Department of Emergency Medicine, Los Angeles Medical Center, Kaiser Permanente Southern California, Los Angeles, CA.
Kaiser Foundation Health Plan, Pasadena, CA.
Department of Emergency Medicine, Downey Medical Center, Kaiser Permanente Southern California, Downey, CA.
Department of Internal Medicine, Orange County Medical Centers, Kaiser Permanente Southern California, Anaheim, CA.
Department of Emergency Medicine and the Institute for Healthcare Policy and Innovation, University of Michigan, Ann Arbor, MI.



Pneumonia severity tools were primarily developed in cohorts of hospitalized patients, limiting their applicability to the emergency department (ED). We describe current community ED admission practices and examine the accuracy of the CURB-65 to predict 30-day mortality for patients, either discharged or admitted with community-acquired pneumonia (CAP).


A retrospective, observational study of adult CAP encounters in 14 community EDs within an integrated healthcare system. We calculated CURB-65 scores for all encounters and described the use of hospitalization, stratified by each score (0-5). We then used each score as a cutoff to calculate sensitivity, specificity, positive predictive value, negative predictive value (NPV), positive likelihood ratios, and negative likelihood ratios for predicting 30-day mortality.
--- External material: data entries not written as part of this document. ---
inductive_set gen_mats :: "(real^2^2) set \<Rightarrow> (real^2^2) set"
  for S where
  genm_id: "mat 1 \<in> gen_mats S"
| genm_base: "B \<in> S \<Longrightarrow> B \<in> gen_mats S"
| genm_mult: "B \<in> gen_mats S \<Longrightarrow> C \<in> gen_mats S \<Longrightarrow> B ** C \<in> gen_mats S"
| genm_inv: "B \<in> gen_mats S \<Longrightarrow> matrix_inv B \<in> gen_mats S"

definition affine_normalizer :: "(real^2 \<Rightarrow> real^2) set \<Rightarrow> (real^2 \<Rightarrow> real^2) set" where
  "affine_normalizer G = {g \<in> Aff2. (\<lambda>m. g \<circ> m \<circ> inv g) ` G = G}"

definition e1 :: "real^2" where "e1 = axis 1 1"
definition e2 :: "real^2" where "e2 = axis 2 1"

definition Amat :: "real^2^2" where
  "Amat = (\<chi> i j. if i = j then (if i = 1 then 1 else -1) else 0)"

definition Mgrp :: "(real^2 \<Rightarrow> real^2) set" where
  "Mgrp = gen_maps {aff e1 (mat 1), aff e2 (mat 1), aff 0 Amat}"

end

theory Submission imports Defs begin

text \<open>Every element of M has the form (x1, x2) \<mapsto> (x1 + m, s x2 + n) with m, n integers and
  s = \<plusminus>1. For a bijection g, the equation g M g\<inverse> = M says that every g \<circ> f with f in M
  equals some f' \<circ> g with f' in M and vice versa; for g = b + B these identities can be read off
  coefficientwise. Taking f = A forces B 1 2 = 0, so B 2 2 \<noteq> 0 by invertibility, so f' is again
  a reflection; this forces B 2 1 = 0 and f' = A + (0, 2 b 2), whence 2 b 2 is an integer. Taking
  f or f' to be a unit translation shows that the diagonal entries of B are integers with integer
  inverses. Conversely, b + diag(p, q) with p, q = \<plusminus>1 intertwines (m, n, s) with
  (p m, q n + (1 - s) b 2, s).\<close>

lemma matrix_inv_unique:
  fixes A :: "'a::semiring_1^'n^'n"
  assumes AB: "A ** B = mat 1" and BA: "B ** A = mat 1"
  shows "matrix_inv A = B"
proof -
  let ?inverse = "\<lambda>A'. A ** A' = mat 1 \<and> A' ** A = mat 1"
  have "?inverse (matrix_inv A)"
    unfolding matrix_inv_def by (rule someI[of ?inverse B]) (use AB BA in simp)
  have "matrix_inv A = matrix_inv A ** (A ** B)"
    by (simp add: AB)
  also have "\<dots> = (matrix_inv A ** A) ** B"
    by (rule matrix_mul_assoc)
  also have "\<dots> = B"
    using \<open>?inverse (matrix_inv A)\<close> by simp
  finally show ?thesis .
qed

lemma Ints_mult_eq_1:
  fixes x y :: "'a::ring_char_0"
  assumes "x \<in> \<int>" "y \<in> \<int>" "x * y = 1"
  shows "x \<in> {1, -1}"
proof -
  obtain i j where ij: "x = of_int i" "y = of_int j"
    using assms(1,2) Ints_cases by metis
  then have "i * j = 1"
    using assms(3) by (metis of_int_1 of_int_eq_iff of_int_mult)
  then show ?thesis
    using ij zmult_eq_1_iff by auto
qed

lemma gen_maps_subset:
  assumes "S \<subseteq> G" "id \<in> G"
    and "\<And>g h. g \<in> G \<Longrightarrow> h \<in> G \<Longrightarrow> g \<circ> h \<in> G" and "\<And>g. g \<in> G \<Longrightarrow> inv g \<in> G"
  shows "gen_maps S \<subseteq> G"
proof
  fix g assume "g \<in> gen_maps S"
  then show "g \<in> G"
    by induction (use assms in blast)+
qed

lemma gen_mats_subset:
  assumes "S \<subseteq> G" "mat 1 \<in> G"
    and "\<And>B C. B \<in> G \<Longrightarrow> C \<in> G \<Longrightarrow> B ** C \<in> G" and "\<And>B. B \<in> G \<Longrightarrow> matrix_inv B \<in> G"
  shows "gen_mats S \<subseteq> G"
proof
  fix B assume "B \<in> gen_mats S"
  then show "B \<in> G"
    by induction (use assms in auto)
qed

lemma one_parameter_in_gen_maps:
  fixes t :: "'a::ring_1 \<Rightarrow> real^2 \<Rightarrow> real^2"
  assumes t0: "t 0 = id" and t_add: "\<And>a b. t (a + b) = t a \<circ> t b" and t1: "t 1 \<in> gen_maps S"
  shows "t (of_int k) \<in> gen_maps S"
proof -
  have t_nat: "t (of_nat n) \<in> gen_maps S" for n
  proof (induction n)
    case 0
    show ?case
      by (simp only: of_nat_0 t0 gen_maps.gen_id)
  next
    case (Suc n)
    have "t (of_nat (Suc n)) = t 1 \<circ> t (of_nat n)"
      by (simp flip: t_add)
    then show ?case
      using t1 Suc gen_maps.gen_comp by metis
  qed
  have t_minus: "t (- a) = inv (t a)" for a
    by (rule inv_unique_comp[symmetric]) (simp_all add: t0 flip: t_add)
  show ?thesis
  proof (cases "k \<ge> 0")
    case True
    then show ?thesis using t_nat[of "nat k"] by simp
  next
    case False
    then show ?thesis
      using t_nat[of "nat (- k)"] t_minus[of "of_nat (nat (- k))"] gen_maps.gen_inv by simp
  qed
qed

lemma conj_image_eq_iff_intertwining:
  assumes "bij g"
  shows "(\<lambda>f. g \<circ> f \<circ> inv g) ` G = G \<longleftrightarrow>
    (\<forall>f\<in>G. \<exists>f'\<in>G. g \<circ> f = f' \<circ> g) \<and> (\<forall>f'\<in>G. \<exists>f\<in>G. g \<circ> f = f' \<circ> g)"
proof -
  have inv_g: "inv g \<circ> g = id" "g \<circ> inv g = id"
    using assms by (simp_all add: bij_is_inj bij_is_surj flip: surj_iff)
  have conj_eq: "g \<circ> f \<circ> inv g = f' \<longleftrightarrow> g \<circ> f = f' \<circ> g" for f f'
  proof
    assume conj: "g \<circ> f \<circ> inv g = f'"
    have "g \<circ> f = g \<circ> f \<circ> inv g \<circ> g"
      by (simp add: comp_assoc inv_g)
    then show "g \<circ> f = f' \<circ> g"
      by (simp only: conj)
  next
    assume intertwine: "g \<circ> f = f' \<circ> g"
    have "g \<circ> f \<circ> inv g = f' \<circ> g \<circ> inv g"
      by (simp only: intertwine)
    also have "\<dots> = f'"
      by (simp add: comp_assoc inv_g)
    finally show "g \<circ> f \<circ> inv g = f'" .
  qed
  have "(\<lambda>f. g \<circ> f \<circ> inv g) ` G \<subseteq> G \<longleftrightarrow> (\<forall>f\<in>G. \<exists>f'\<in>G. g \<circ> f = f' \<circ> g)"
    by (simp add: image_subset_iff flip: conj_eq)
  moreover have "f' \<in> (\<lambda>f. g \<circ> f \<circ> inv g) ` G \<longleftrightarrow> (\<exists>f\<in>G. g \<circ> f = f' \<circ> g)" for f'
    unfolding image_iff by (metis conj_eq)
  ultimately show ?thesis
    by blast
qed

lemma fun_eq_iff_2:
  "(f::real^2 \<Rightarrow> real^2) = g \<longleftrightarrow> (\<forall>x. f x $ 1 = g x $ 1 \<and> f x $ 2 = g x $ 2)"
  by (auto simp: fun_eq_iff vec_eq_iff forall_2)

lemma aff_nth [simp]:
  "aff b B x $ 1 = b$1 + B$1$1 * x$1 + B$1$2 * x$2"
  "aff b B x $ 2 = b$2 + B$2$1 * x$1 + B$2$2 * x$2"
  by (simp_all add: aff_def matrix_vector_mult_def sum_2)

lemma bij_aff:
  assumes "invertible B"
  shows "bij (aff b B)"
proof -
  obtain B' where B': "B ** B' = mat 1" "B' ** B = mat 1"
    using assms unfolding invertible_def by blast
  show ?thesis
    by (rule o_bij[of "\<lambda>y. B' *v (y - b)"])
      (simp_all add: fun_eq_iff aff_def matrix_vector_mul_assoc B')
qed

definition diag_affine :: "real \<Rightarrow> real \<Rightarrow> real \<Rightarrow> real \<Rightarrow> real^2 \<Rightarrow> real^2" where
  "diag_affine p q c d = (\<lambda>x. vector [p * x$1 + c, q * x$2 + d])"

lemma diag_affine_nth [simp]:
  "diag_affine p q c d x $ 1 = p * x$1 + c"
  "diag_affine p q c d x $ 2 = q * x$2 + d"
  by (simp_all add: diag_affine_def)

lemma diag_affine_id: "diag_affine 1 1 0 0 = id"
  by (simp add: fun_eq_iff_2)

lemma diag_affine_comp:
  "diag_affine p q c d \<circ> diag_affine p' q' c' d' = diag_affine (p * p') (q * q') (p * c' + c) (q * d' + d)"
  by (simp add: fun_eq_iff_2 algebra_simps)

lemma inv_diag_affine:
  assumes "p \<noteq> 0" "q \<noteq> 0"
  shows "inv (diag_affine p q c d) = diag_affine (1 / p) (1 / q) (- c / p) (- d / q)"
  by (rule inv_unique_comp) (use assms in \<open>simp_all add: diag_affine_comp field_simps diag_affine_id\<close>)

definition annulus_group :: "(real^2 \<Rightarrow> real^2) set" where
  "annulus_group = {diag_affine 1 s m n | s m n. s \<in> {1, -1} \<and> m \<in> \<int> \<and> n \<in> \<int>}"

lemma Mgrp_generators:
  "aff e1 (mat 1) = diag_affine 1 1 1 0"
  "aff e2 (mat 1) = diag_affine 1 1 0 1"
  "aff 0 Amat = diag_affine 1 (-1) 0 0"
  by (simp_all add: fun_eq_iff_2 mat_def e1_def e2_def Amat_def axis_def)

lemma Mgrp_subset_annulus_group: "Mgrp \<subseteq> annulus_group"
  unfolding Mgrp_def
proof (rule gen_maps_subset)
  show "id \<in> annulus_group"
    unfolding annulus_group_def diag_affine_id[symmetric] by force
  show "{aff e1 (mat 1), aff e2 (mat 1), aff 0 Amat} \<subseteq> annulus_group"
    unfolding annulus_group_def Mgrp_generators by force
  show "g \<circ> h \<in> annulus_group" if "g \<in> annulus_group" "h \<in> annulus_group" for g h
    using that unfolding annulus_group_def by (force simp: diag_affine_comp)
  show "inv g \<in> annulus_group" if "g \<in> annulus_group" for g
    using that unfolding annulus_group_def by (force simp: inv_diag_affine)
qed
The sample included 21,183 ED encounters for CAP (7,952 discharged and 13,231 admitted). The C-statistic describing the accuracy of CURB-65 for predicting 30-day mortality in the full sample was 0.761 (95% confidence interval [CI], 0.747-0.774). The C-statistic was 0.864 (95% CI, 0.821-0.906) among patients discharged from the ED compared with 0.689 (95% CI, 0.672-0.705) among patients who were admitted. Among all ED encounters a CURB-65 threshold of ≥1 was 92.8% sensitive and 38.0% specific for predicting mortality, with a 99.9% NPV. Among all encounters, 62.5% were admitted, including 36.2% of those at lowest risk (CURB-65 = 0).


CURB-65 had very good accuracy for predicting 30-day mortality among patients discharged from the ED. This severity tool may help ED providers risk stratify patients to assist with disposition decisions and identify unwarranted variation in patient care.